Car: 07 Plate Porsche 911 GT3 in Black










































- Sprayed Megs APC (4:1) on heavy bug/dirt area's









- Rinsed with water to remove any loose dirt via karcher

- Washed with Hyper wash, TBM and 2 Sonus Wash mitts

- Rinsed with Karcher

- Clayed with Meguires medium aggressiveness clay and Last Touch (1:1) and I was rather shocked how dirty it actually was. lol









- Final Drying with Meguires Last Touch neat

- Moved inside for polishing

- Taped up with 3m low tack tape

























- Experimented with several pad and polish combo's until I decided on a meguires compound pad and Menzerna IP 









































- Once machined i went over it with Last Touch again to remove the small bits of residue

- Then applied Dodo Juice Lime Prime on a Black 3m pad to cleanse the paint

- Moved onto the wax, which was 2 layers of Dodo Juice Supernatural

















- Then moved onto wheels and tyres, as the owner wanted to rebalance the wheels, i took them all off and cleaned each wheel off the car using megs Wheel Brightener and variety of brushes, then rinsed and dried with MF cloths, (305 rear tyres !!!)

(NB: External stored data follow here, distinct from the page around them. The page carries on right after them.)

(* For any natural number $n \geq 1$, $\{\omega \cdot 2, \omega^\star \cdot 2\} \leq_c \{\omega^2 \cdot n, (\omega^2)^\star \cdot n\}$.
   Context: Structures have domains contained in $\omega$. For countable structures $\mathcal{A},\mathcal{B}$, the class $\{\mathcal{A},\mathcal{B}\}$ denotes the class of all structures (with domain $\subseteq\omega$) isomorphic to $\mathcal{A}$ or to $\mathcal{B}$. Linear orders are in the language $\{<\}$; $L^\star$ is the reverse of a linear order $L$; $\omega\cdot 2$, $\omega^2\cdot n$ are ordinal order types. An enumeration operator $\Gamma$ is a c.e. set of pairs $(\alpha,\varphi)$ with $\alpha$ a finite set of basic (atomic or negated atomic) sentences of the input language with constants from $\omega$ and $\varphi$ a basic sentence of the output language with constants from $\omega$; $\Gamma(X)=\{\varphi : (\alpha,\varphi)\in\Gamma,\ \alpha\subseteq X\}$. $\Gamma$ is a computable embedding of $\mathcal{K}_0$ into $\mathcal{K}_1$ ($\mathcal{K}_0\leq_c\mathcal{K}_1$) if for every $\mathcal{A}\in\mathcal{K}_0$, $\Gamma$ applied to the atomic diagram of $\mathcal{A}$ is the atomic diagram of a structure $\Gamma(\mathcal{A})\in\mathcal{K}_1$, and for all $\mathcal{A},\mathcal{B}\in\mathcal{K}_0$, $\mathcal{A}\cong\mathcal{B}$ iff $\Gamma(\mathcal{A})\cong\Gamma(\mathcal{B})$. *)

theory Defs
  imports Main "HOL-Library.Nat_Bijection"
begin

datatype recf = Zero | Succ | Proj nat | Comp recf "recf list" | Prim recf recf | Mn recf

inductive eval :: "recf \<Rightarrow> nat list \<Rightarrow> nat \<Rightarrow> bool" where
  zero: "eval Zero xs 0"
| succ: "eval Succ (x # xs) (Suc x)"
| proj: "i < length xs \<Longrightarrow> eval (Proj i) xs (xs ! i)"
| comp: "length ys = length gs \<Longrightarrow> (\<forall>i < length gs. eval (gs ! i) xs (ys ! i))
          \<Longrightarrow> eval f ys z \<Longrightarrow> eval (Comp f gs) xs z"
| prim0: "eval f xs y \<Longrightarrow> eval (Prim f g) (0 # xs) y"
| primS: "eval (Prim f g) (n # xs) y \<Longrightarrow> eval g (n # y # xs) z
          \<Longrightarrow> eval (Prim f g) (Suc n # xs) z"
| mn: "eval f (n # xs) 0 \<Longrightarrow> (\<forall>m < n. \<exists>y. eval f (m # xs) (Suc y))
          \<Longrightarrow> eval (Mn f) xs n"

definition ce :: "nat set \<Rightarrow> bool" where
  "ce A \<longleftrightarrow> (\<exists>c. A = {x. \<exists>y. eval c [x] y})"

datatype sent = Eq nat nat | Lt nat nat

type_synonym lit = "bool \<times> sent"   \<comment> \<open>(True, s) = s, (False, s) = negation of s\<close>

fun sent_code :: "sent \<Rightarrow> nat" where
  "sent_code (Eq a b) = prod_encode (0, prod_encode (a, b))"
| "sent_code (Lt a b) = prod_encode (1, prod_encode (a, b))"

definition lit_code :: "lit \<Rightarrow> nat" where
  "lit_code l = prod_encode (if fst l then 1 else 0, sent_code (snd l))"

definition enum_op :: "(lit set \<times> lit) set \<Rightarrow> bool" where
  "enum_op \<Gamma> \<longleftrightarrow> (\<forall>p\<in>\<Gamma>. finite (fst p)) \<and>
     ce {prod_encode (set_encode (lit_code ` \<alpha>), lit_code \<phi>) | \<alpha> \<phi>. (\<alpha>, \<phi>) \<in> \<Gamma>}"

definition enum_apply :: "(lit set \<times> lit) set \<Rightarrow> lit set \<Rightarrow> lit set" where
  "enum_apply \<Gamma> X = {\<phi>. \<exists>\<alpha>. (\<alpha>, \<phi>) \<in> \<Gamma> \<and> \<alpha> \<subseteq> X}"

type_synonym 'a lo = "'a set \<times> 'a rel"

definition is_lo :: "'a lo \<Rightarrow> bool" where
  "is_lo L \<longleftrightarrow> snd L \<subseteq> fst L \<times> fst L \<and> (\<forall>x\<in>fst L. (x, x) \<notin> snd L) \<and> trans (snd L)
     \<and> (\<forall>x\<in>fst L. \<forall>y\<in>fst L. x \<noteq> y \<longrightarrow> (x, y) \<in> snd L \<or> (y, x) \<in> snd L)"

definition lo_iso :: "'a lo \<Rightarrow> 'b lo \<Rightarrow> bool" where
  "lo_iso L M \<longleftrightarrow> (\<exists>f. bij_betw f (fst L) (fst M) \<and>
     (\<forall>x\<in>fst L. \<forall>y\<in>fst L. (x, y) \<in> snd L \<longleftrightarrow> (f x, f y) \<in> snd M))"

definition diag :: "nat lo \<Rightarrow> lit set" where
  "diag L = {(True, Eq a a) | a. a \<in> fst L}
          \<union> {(False, Eq a b) | a b. a \<in> fst L \<and> b \<in> fst L \<and> a \<noteq> b}
          \<union> {(True, Lt a b) | a b. a \<in> fst L \<and> b \<in> fst L \<and> (a, b) \<in> snd L}
          \<union> {(False, Lt a b) | a b. a \<in> fst L \<and> b \<in> fst L \<and> (a, b) \<notin> snd L}"

definition cls2 :: "'a lo \<Rightarrow> 'a lo \<Rightarrow> nat lo set" where
  "cls2 A B = {L. is_lo L \<and> (lo_iso L A \<or> lo_iso L B)}"

definition comp_emb :: "nat lo set \<Rightarrow> nat lo set \<Rightarrow> bool" (infix "\<le>\<^sub>c" 50) where
  "K0 \<le>\<^sub>c K1 \<longleftrightarrow> (\<exists>\<Gamma>. enum_op \<Gamma> \<and>
     (\<forall>A\<in>K0. \<exists>B\<in>K1. enum_apply \<Gamma> (diag A) = diag B) \<and>
     (\<forall>A\<in>K0. \<forall>A'\<in>K0. \<forall>B\<in>K1. \<forall>B'\<in>K1.
        enum_apply \<Gamma> (diag A) = diag B \<longrightarrow> enum_apply \<Gamma> (diag A') = diag B' \<longrightarrow>
        (lo_iso A A' \<longleftrightarrow> lo_iso B B')))"

definition omega :: "nat lo" where
  "omega = (UNIV, {(a, b). a < b})"

definition fin_ord :: "nat \<Rightarrow> nat lo" where
  "fin_ord n = ({..<n}, {(a, b). a < b \<and> b < n})"

definition lo_rev :: "'a lo \<Rightarrow> 'a lo" where
  "lo_rev L = (fst L, (snd L)\<inverse>)"

text \<open>Ordinal-style product: L \<cdot> M is M copies of L (lexicographic, M-coordinate first).\<close>
definition lo_mult :: "'a lo \<Rightarrow> 'b lo \<Rightarrow> ('b \<times> 'a) lo" where
  "lo_mult L M = (fst M \<times> fst L,
     {((m, l), (m', l')). m \<in> fst M \<and> m' \<in> fst M \<and> l \<in> fst L \<and> l' \<in> fst L \<and>
        ((m, m') \<in> snd M \<or> (m = m' \<and> (l, l') \<in> snd L))})"

end

theory Submission
  imports Defs "HOL-Library.Infinite_Set"
begin

(*
  Gamma n sends a linear order A on a subset of omega to the order on the triples (i, w, x)
  with i < n, w <=_A x and w <= v (as numbers) for some v >=_A x, ordered lexicographically:
  first by i, then by x in A, then by w in A. Each atomic or negated atomic fact about this
  order follows from finitely many facts about A, which makes Gamma n an enumeration operator.

  If A has type omega*2, the numeric bound is vacuous and each of the n copies is the sum over
  x in omega*2 of the segments [0, x], that is omega + omega^2 = omega^2. If A has type
  omega^star*2, the bound leaves only finitely many w for each x in the second copy, so each
  copy is (omega^2)^star followed by a descending sequence of finite blocks, again (omega^2)^star.
  In both cases the image is cut into blocks indexed by (i, k) of type omega, resp. omega^star,
  which gives the isomorphism. As omega*2 and omega^2*n have a least element while their
  reversed counterparts do not, Gamma n preserves and reflects isomorphism on these classes.
*)

section \<open>Partial recursive functions\<close>

inductive_cases eval_ZeroE: "eval Zero xs y"
inductive_cases eval_SuccE: "eval Succ xs y"
inductive_cases eval_ProjE: "eval (Proj i) xs y"
inductive_cases eval_CompE: "eval (Comp f gs) xs y"
inductive_cases eval_Prim0E: "eval (Prim f g) (0 # xs) y"
inductive_cases eval_PrimSucE: "eval (Prim f g) (Suc n # xs) y"
inductive_cases eval_MnE: "eval (Mn f) xs y"

lemma eval_deterministic:
  assumes "eval c xs y" and "eval c xs y'"
  shows "y = y'"
  using assms
proof (induction arbitrary: y' rule: eval.induct)
  case zero
  from zero.prems show ?case by (rule eval_ZeroE) simp
next
  case succ
  from succ.prems show ?case by (rule eval_SuccE) simp
next
  case proj
  from proj.prems show ?case by (rule eval_ProjE) simp
next
  case (comp ys gs xs f z)
  from comp.prems obtain ys' where len: "length ys' = length gs"
    and args: "\<forall>i<length gs. eval (gs ! i) xs (ys' ! i)" and "eval f ys' y'"
    by (rule eval_CompE) blast
  moreover have "ys = ys'"
  proof (rule nth_equalityI)
    show "length ys = length ys'" using comp.hyps(1) len by simp
    show "ys ! i = ys' ! i" if "i < length ys" for i
      using that comp.hyps(1) comp.IH(1) args by simp
  qed
  ultimately show ?case using comp.IH(2) by blast
next
  case prim0
  from prim0.prems show ?case by (rule eval_Prim0E) (rule prim0.IH)
next
  case primS
  from primS.prems show ?case by (rule eval_PrimSucE) (use primS.IH in blast)
next
  case (mn f n xs)
  from mn.prems have zero: "eval f (y' # xs) 0" and pos: "\<forall>m<y'. \<exists>y. eval f (m # xs) (Suc y)"
    by (rule eval_MnE, simp)+
  show ?case
  proof (rule linorder_cases)
    assume "n < y'"
    then show ?thesis using pos mn.IH(1) by blast
  next
    assume "y' < n"
    then show ?thesis using zero mn.IH(2) by blast
  qed
qed

lemma eval_Zero_eq: "y = 0 \<Longrightarrow> eval Zero xs y"
  by (simp add: eval.zero)

lemma eval_Succ_eq: "y = Suc x \<Longrightarrow> eval Succ (x # xs) y"
  by (simp add: eval.succ)

lemma eval_Proj_nth: "i < length xs \<Longrightarrow> y = xs ! i \<Longrightarrow> eval (Proj i) xs y"
  by (simp add: eval.proj)

lemma eval_Comp1: "eval g xs a \<Longrightarrow> eval f [a] z \<Longrightarrow> eval (Comp f [g]) xs z"
  by (rule eval.comp[where ys="[a]"]) auto

lemma eval_Comp2:
  "eval g1 xs a \<Longrightarrow> eval g2 xs b \<Longrightarrow> eval f [a, b] z \<Longrightarrow> eval (Comp f [g1, g2]) xs z"
  by (rule eval.comp[where ys="[a, b]"]) (auto simp: less_Suc_eq nth_Cons')

lemma eval_Comp3:
  "eval g1 xs a \<Longrightarrow> eval g2 xs b \<Longrightarrow> eval g3 xs c \<Longrightarrow> eval f [a, b, c] z
    \<Longrightarrow> eval (Comp f [g1, g2, g3]) xs z"
  by (rule eval.comp[where ys="[a, b, c]"]) (auto simp: less_Suc_eq nth_Cons')

lemma eval_output_eq: "eval c xs y \<Longrightarrow> y = z \<Longrightarrow> eval c xs z"
  by simp

lemmas eval_rules =
  eval_Zero_eq eval_Succ_eq eval_Proj_nth eval_Comp1 eval_Comp2 eval_Comp3 eval.prim0 eval.primS

definition rf_add :: recf where
  "rf_add = Prim (Proj 0) (Comp Succ [Proj 1])"

lemma eval_rf_add: "eval rf_add [a, b] (a + b)"
  unfolding rf_add_def by (induction a) (fastforce intro: eval_rules)+

definition rf_pred :: recf where
  "rf_pred = Prim Zero (Proj 0)"

lemma eval_rf_pred: "eval rf_pred [a] (a - 1)"
  unfolding rf_pred_def by (induction a) (fastforce intro: eval_rules)+

definition rf_monus :: recf where
  "rf_monus = Comp (Prim (Proj 0) (Comp rf_pred [Proj 1])) [Proj 1, Proj 0]"

lemma eval_rf_monus: "eval rf_monus [a, b] (a - b)"
proof -
  have "eval (Prim (Proj 0) (Comp rf_pred [Proj 1])) [b, a] (a - b)"
    by (induction b) (fastforce intro: eval_rules eval_rf_pred[THEN eval_output_eq])+
  then show ?thesis
    unfolding rf_monus_def by (fastforce intro: eval_rules)
qed

definition rf_triangle :: recf where
  "rf_triangle = Prim Zero (Comp rf_add [Proj 1, Comp Succ [Proj 0]])"

lemma eval_rf_triangle: "eval rf_triangle [k] (triangle k)"
  unfolding rf_triangle_def by (induction k) (fastforce intro: eval_rules eval_rf_add[THEN eval_output_eq])+

definition rf_pow2 :: recf where
  "rf_pow2 = Prim (Comp Succ [Zero]) (Comp rf_add [Proj 1, Proj 1])"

- Wheels were treated with 2 layers of rimwax, front and back, and tyres dressed with tyre shine

- Cleaned and treated anything in the arch (pic was before arch cleaning and dressing)

- Exhaust, this was horrid, 2 years old, 15k miles and it was as black as a 15y/o 306 diesel exhaust lol, this was cleaned using megs metal polish on 00 wire wool, then once all the dirt was removed, it was finely polished with MF cloths and metal polish. no finish shots yet, just a mid way thru pic.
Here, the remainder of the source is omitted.